Graph executor🔗

Analysis apps on the VisionAppster platform are built using a data flow graph (DFG). A data flow graph consists of nodes that can send and receive messages. The edges of the graph describe dependencies between nodes.

Each node in the graph processes its input arguments and produces some output arguments as results. The output arguments can then be passed to other nodes in the graph.

Unlike in imperative programming, the execution order of graph nodes is not fully defined in advance. The system is free to choose any order as far as the dependencies are satisfied. This makes it possible to execute many nodes in the graph simultaneously.

As most cool things in computer science, the idea of using data flow graphs to build programs is nothing new. Since 1960’s, many programming languages and APIs have implemented the paradigm in a form or another.

The VisionAppster platform neither introduces a new data flow programming language nor requires one to build programs using data flow primitives from the ground up. Instead, a hybrid approach is taken: the nodes – a.k.a tools – are relatively complex and can be written with a traditional programming language such as C, C++ or anything else that provides a C interface. This makes it possible to write algorithms in a traditional way but still benefit from parallelization on a higher level.

Consider the simple example below. The image sent by an image source is processed by two tools and the results are subtracted from each other.

A simple data flow graph

A simple data flow graph🔗

If you were using a traditional image processing library, the code you write would be something like this (pseudo-code):

def run():
    while True:
        image = read_next_image()
        if image:
            filtered = median_filter(image)
            mapped = lookup_table(image, my_lookup_table)
            yield image_diff(filtered, mapped)

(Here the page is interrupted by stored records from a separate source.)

lemma fst_step_curve_staircase:
  fixes b :: "nat \<Rightarrow> nat^'m::finite"
  assumes m1: "m \<ge> 1" and j0: "j0 \<in> {1..k1}"
    and s: "0 < real k1 * t - real (j0 - 1)" "real k1 * t - real (j0 - 1) < 1"
  shows "fst (step_curve m k1 (staircase_increments k1 k2 b) t) $ i
       = (real (bseq b (j0 - 1) $ i) + smooth_step m (real k1 * t - real (j0 - 1)) * bincr b j0 i)
         / (real k1 * real k2)"
proof -
  have "fst (step_curve m k1 (staircase_increments k1 k2 b) t) $ i
      = (\<Sum>j\<in>{1..k1}. smooth_step m (real k1 * t - real (j - 1)) * (bincr b j i / (real k1 * real k2)))"
    unfolding fst_step_curve by (intro sum.cong) (auto simp: staircase_increments_def)
  also have "\<dots> = (\<Sum>j\<in>{1..<j0}. bincr b j i / (real k1 * real k2))
      + smooth_step m (real k1 * t - real (j0 - 1)) * (bincr b j0 i / (real k1 * real k2))"
    by (rule sum_smooth_step_split[OF m1 j0 s])
  also have "(\<Sum>j\<in>{1..<j0}. bincr b j i) = real (bseq b (j0 - 1) $ i)"
  proof -
    have "Suc (j0 - 1) = j0" using j0 by simp
    thus ?thesis using sum_bincr_telescope[where p="j0 - 1" and b=b and i=i] by simp
  qed
  ultimately show ?thesis by (simp add: sum_divide_distrib[symmetric] add_divide_distrib)
qed

lemma step_curve_staircase_mem_Rset:
  fixes b :: "nat \<Rightarrow> nat^'m::finite"
  assumes m1: "m \<ge> 1" and k: "k1 \<ge> 1" "k2 \<ge> 1" and b: "b \<in> Phi k1 k2" and j0: "j0 \<in> {1..k1}"
    and pos: "\<And>i. bincr b j0 i > 0"
    and s: "0 < real k1 * t - real (j0 - 1)" "real k1 * t - real (j0 - 1) < 1"
  shows "step_curve m k1 (staircase_increments k1 k2 b) t \<in> Rset k1 k2 b j0"
proof -
  define x where "x = step_curve m k1 (staircase_increments k1 k2 b) t"
  define dy where "dy = 1 / real k1 / real k2"
  define ps where "ps = smooth_step m (real k1 * t - real (j0 - 1))"
  have ps: "0 < ps" "ps < 1" unfolding ps_def using smooth_step_strict_bounds[OF m1 s] by auto
  have dy0: "dy > 0" using k by (simp add: dy_def)
  have fst_x: "fst x $ i = (real (bseq b (j0 - 1) $ i) + ps * bincr b j0 i) * dy" for i
    unfolding x_def fst_step_curve_staircase[OF m1 j0 s] ps_def dy_def by (simp add: field_simps)
  have lo: "real (bseq b (j0 - 1) $ i) * dy < fst x $ i" for i
    unfolding fst_x using ps pos dy0 by (simp add: distrib_right)
  have hi: "fst x $ i < real (bseq b j0 $ i) * dy" for i
  proof -
    have "ps * bincr b j0 i < bincr b j0 i" using ps pos[of i] by simp
    hence "real (bseq b (j0 - 1) $ i) + ps * bincr b j0 i < real (bseq b j0 $ i)"
      by (simp add: bincr_def)
    thus ?thesis unfolding fst_x using dy0 by (simp add: mult_strict_right_mono)
  qed
  have hi1: "real (bseq b j0 $ i) * dy \<le> 1" for i
  proof -
    have "real (bseq b j0 $ i) \<le> real k1 * real k2"
      using bseq_le[OF b, of j0 i] j0 by (simp flip: of_nat_mult)
    thus ?thesis using k by (simp add: dy_def field_simps)
  qed
  have snd_x: "snd x = t" by (simp add: x_def snd_step_curve staircase_increments_def)
  have kp: "real k1 > 0" using k by simp
  have tj: "real (j0 - 1) / real k1 \<le> t" "t < real j0 / real k1"
    using s j0 kp by (auto simp: field_simps of_nat_diff)
  moreover have "0 < t"
  proof -
    have "real k1 * t > 0" using s(1) of_nat_0_le_iff[of "j0 - 1"] by linarith
    thus ?thesis using kp by (simp add: zero_less_mult_iff)
  qed
  moreover have "t < 1"
  proof -
    have "real j0 / real k1 \<le> 1" using j0 kp by simp
    thus ?thesis using tj(2) by linarith
  qed
  moreover have "0 \<le> fst x $ i \<and> fst x $ i < 1" for i
    using lo[of i] hi[of i] hi1[of i] dy0 by (smt (verit) of_nat_0_le_iff zero_le_mult_iff)
  ultimately have "x \<in> unit_cube" unfolding unit_cube_def using snd_x by auto
  moreover have "fst (zpt k1 k2 b (j0 - 1)) $ i - 1 / real k1 / real k2 \<le> fst x $ i"
    "fst x $ i < fst (zpt k1 k2 b j0) $ i" for i
    using lo[of i] hi[of i] dy0 unfolding fst_zpt dy_def[symmetric] by linarith+
  moreover have "snd (zpt k1 k2 b (j0 - 1)) \<le> snd x" "snd x < snd (zpt k1 k2 b j0)"
    unfolding snd_zpt snd_x using tj by simp_all
  ultimately show ?thesis unfolding x_def[symmetric] Rset_def by blast
qed

lemma root_pval_le_main_plus_error:
  fixes f :: "(real^'m::finite) \<times> real \<Rightarrow> real" and b :: "nat \<Rightarrow> nat^'m"
    and k1 k2 L :: nat and \<alpha> :: "(nat^'m) \<times> nat"
  defines "e \<equiv> 1 / real (dim_of TYPE('m))" and "dy \<equiv> 1 / (real k1 * real k2)"
    and "c \<equiv> cube_value L f \<alpha>"
  assumes L: "L \<ge> 1" and pc: "piecewise_constant L f" and f0: "\<forall>x\<in>unit_cube. 0 \<le> f x"
    and k: "k1 \<ge> 1" "k2 \<ge> 1" and b: "b \<in> Phi k1 k2" and j: "j \<in> {1..k1}"
    and v: "valid_index L \<alpha>" and RQ: "Rset k1 k2 b j \<subseteq> Qcube L \<alpha>"
  shows "pval f k1 k2 b j powr e
      \<le> (c / real k1 * dy ^ CARD('m) * (\<Prod>i\<in>UNIV. bincr b j i)) powr e
       + (c / real k1 * dy ^ CARD('m) * ((\<Prod>i\<in>UNIV. bincr b j i + 1) - (\<Prod>i\<in>UNIV. bincr b j i))) powr e"
proof -
  define u where "u = c / real k1 * dy ^ CARD('m) * (\<Prod>i\<in>UNIV. bincr b j i)"
  define v where "v = c / real k1 * dy ^ CARD('m) * ((\<Prod>i\<in>UNIV. bincr b j i + 1) - (\<Prod>i\<in>UNIV. bincr b j i))"
  have c0: "0 \<le> c / real k1 * dy ^ CARD('m)"
    using cube_value_nonneg[OF L v f0] by (simp add: c_def dy_def)
  have "0 \<le> (\<Prod>i\<in>UNIV. bincr b j i)" "(\<Prod>i\<in>UNIV. bincr b j i) \<le> (\<Prod>i\<in>UNIV. bincr b j i + 1)"
    using bincr_nonneg[OF b j] by (auto intro: prod_nonneg prod_mono)
  hence uv: "0 \<le> u" "0 \<le> v" unfolding u_def v_def using mult_nonneg_nonneg[OF c0] by simp_all
  have "u + v = c / real k1 * dy ^ CARD('m) * (\<Prod>i\<in>UNIV. bincr b j i + 1)"
    by (simp add: u_def v_def algebra_simps)
  hence "pval f k1 k2 b j powr e \<le> (u + v) powr e"
    using pval_le_box_mass[OF L pc f0 k b j v RQ] by (intro powr_mono2) (auto simp: e_def c_def dy_def)
  also have "\<dots> \<le> u powr e + v powr e"
    using uv by (intro powr_subadditive) (auto simp: e_def dim_of_def)
  finally show ?thesis unfolding u_def v_def .
qed
(* For each $d\ge0$ and standard basis $\{v_i\}_{i=0}^d$ of $\mathcal V(d)$, $$Pv_0=\sum_{i=0}^d v_i,\qquad P^2v_0=\sum_{i=0}^d Pv_i,\qquad (-1)^dv_0=\sum_{i=0}^d P^2v_i.$$
   Context: $\mathbb F$ is a field of characteristic zero, $\mathfrak{sl}_2$ the Lie algebra of $2\times2$ trace-zero matrices over $\mathbb F$, with $e=\begin{pmatrix}0&1\\0&0\end{pmatrix}$, $f=\begin{pmatrix}0&0\\1&0\end{pmatrix}$, $h=\begin{pmatrix}1&0\\0&-1\end{pmatrix}$. $\mathcal V(d)$ is the $(d+1)$-dimensional irreducible $\mathfrak{sl}_2$-module; a standard basis $\{v_i\}_{i=0}^d$ satisfies $h.v_i=(d-2i)v_i$, $f.v_i=(i+1)v_{i+1}$, $e.v_i=(d-i+1)v_{i-1}$, $v_{-1}=v_{d+1}=0$; $\varphi_d$ is the corresponding representation. Put $x^*=h-e+f$, $y^*=f$ (nilpotent) and $P=\exp(\varphi_d(x^* ))\exp(\varphi_d(y^* ))$, where $\exp(\varphi_d(u))=\sum_n\varphi_d(u)^n/n!$. *)

theory Defs
  imports "Jordan_Normal_Form.Matrix"
begin

definition sl2_e :: "'a::field mat" where
  "sl2_e = mat 2 2 (\<lambda>(i,j). if i = 0 \<and> j = 1 then 1 else 0)"
definition sl2_f :: "'a::field mat" where
  "sl2_f = mat 2 2 (\<lambda>(i,j). if i = 1 \<and> j = 0 then 1 else 0)"
definition sl2_h :: "'a::field mat" where
  "sl2_h = mat 2 2 (\<lambda>(i,j). if i = j then (if i = 0 then 1 else -1) else 0)"

text \<open>Action of e, f, h on V(d) = F^(d+1) w.r.t. the standard basis v_0..v_d
  (v_i is the i-th unit vector): h.v_i=(d-2i)v_i, f.v_i=(i+1)v_(i+1),
  e.v_i=(d-i+1)v_(i-1). Matrix entry (r,c) is the r-th coordinate of the image of v_c.\<close>
definition rep_h :: "nat \<Rightarrow> 'a::field_char_0 mat" where
  "rep_h d = mat (d+1) (d+1) (\<lambda>(r,c). if r = c then of_int (int d - 2 * int c) else 0)"
definition rep_f :: "nat \<Rightarrow> 'a::field_char_0 mat" where
  "rep_f d = mat (d+1) (d+1) (\<lambda>(r,c). if r = c + 1 then of_nat (c + 1) else 0)"
definition rep_e :: "nat \<Rightarrow> 'a::field_char_0 mat" where
  "rep_e d = mat (d+1) (d+1) (\<lambda>(r,c). if c = r + 1 then of_nat (d - c + 1) else 0)"

text \<open>The representation phi_d, extended linearly: X = a h + b e + c f for trace-zero X.\<close>
definition phi :: "nat \<Rightarrow> 'a::field_char_0 mat \<Rightarrow> 'a mat" where
  "phi d X = X $$ (0,0) \<cdot>\<^sub>m rep_h d + X $$ (0,1) \<cdot>\<^sub>m rep_e d + X $$ (1,0) \<cdot>\<^sub>m rep_f d"

text \<open>Exponential of a nilpotent square matrix: the series sum A^n/n!, which is a
  finite sum since A^k = 0 for k beyond the nilpotency index.\<close>
definition mexp :: "'a::field_char_0 mat \<Rightarrow> 'a mat" where
  "mexp A = mat (dim_row A) (dim_col A)
     (\<lambda>(i,j). \<Sum>n < (LEAST k. A ^\<^sub>m k = 0\<^sub>m (dim_row A) (dim_col A)).
                 (A ^\<^sub>m n) $$ (i,j) / fact n)"

definition xstar :: "'a::field mat" where "xstar = sl2_h - sl2_e + sl2_f"
definition ystar :: "'a::field mat" where "ystar = sl2_f"

definition Pmat :: "nat \<Rightarrow> 'a::field_char_0 mat" where
  "Pmat d = mexp (phi d xstar) * mexp (phi d ystar)"

definition vb :: "nat \<Rightarrow> nat \<Rightarrow> 'a::field_char_0 vec" where
  "vb d i = unit_vec (d+1) i"
definition vsum :: "nat \<Rightarrow> (nat \<Rightarrow> 'a::field_char_0 vec) \<Rightarrow> 'a vec" where
  "vsum d g = vec (d+1) (\<lambda>r. \<Sum>i\<le>d. g i $ r)"

end

theory Submission
  imports Defs
begin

While simple, this approach has a severe drawback: even if the algorithms were internally parallelized, the program as a whole would run sequentially. I/O latencies while reading an image are not utilized, and the next image will only be read after the previous one has been completely processed. The same applies to all function calls: median filtering takes longer than lookup table and image difference combined, but the quick parts can start only after the filtering is completely done.

The VisionAppster platform makes use of the fact that the tools are only partially ordered. The filtered and mapped images must be both available before the subtraction tool can be run, but nothing prevents the system from running the median filter and the lookup table simultaneously. Furthermore, nothing prevents the system from making multiple calls to the median filtering tool simultaneously, provided that the outputs are ordered correctly. Meanwhile, the image source can start fetching a new image.

The graph executor is able to dynamically allocate processing threads. If you have four cores in your CPU, the likely outcome would be that median filtering tool would take three while the rest would be run on one core.

As a result, the system is able to maximally utilize all processing cores even if none of the algoritms are internally parallelized. An important thing to note is that the design optimizes throughput, not latency. If it is important to get a single result out as quickly as possible, it does not help that the next image is already being processed on another core. If minimizing latency is important, you need to pick tools that parallelize their execution internally.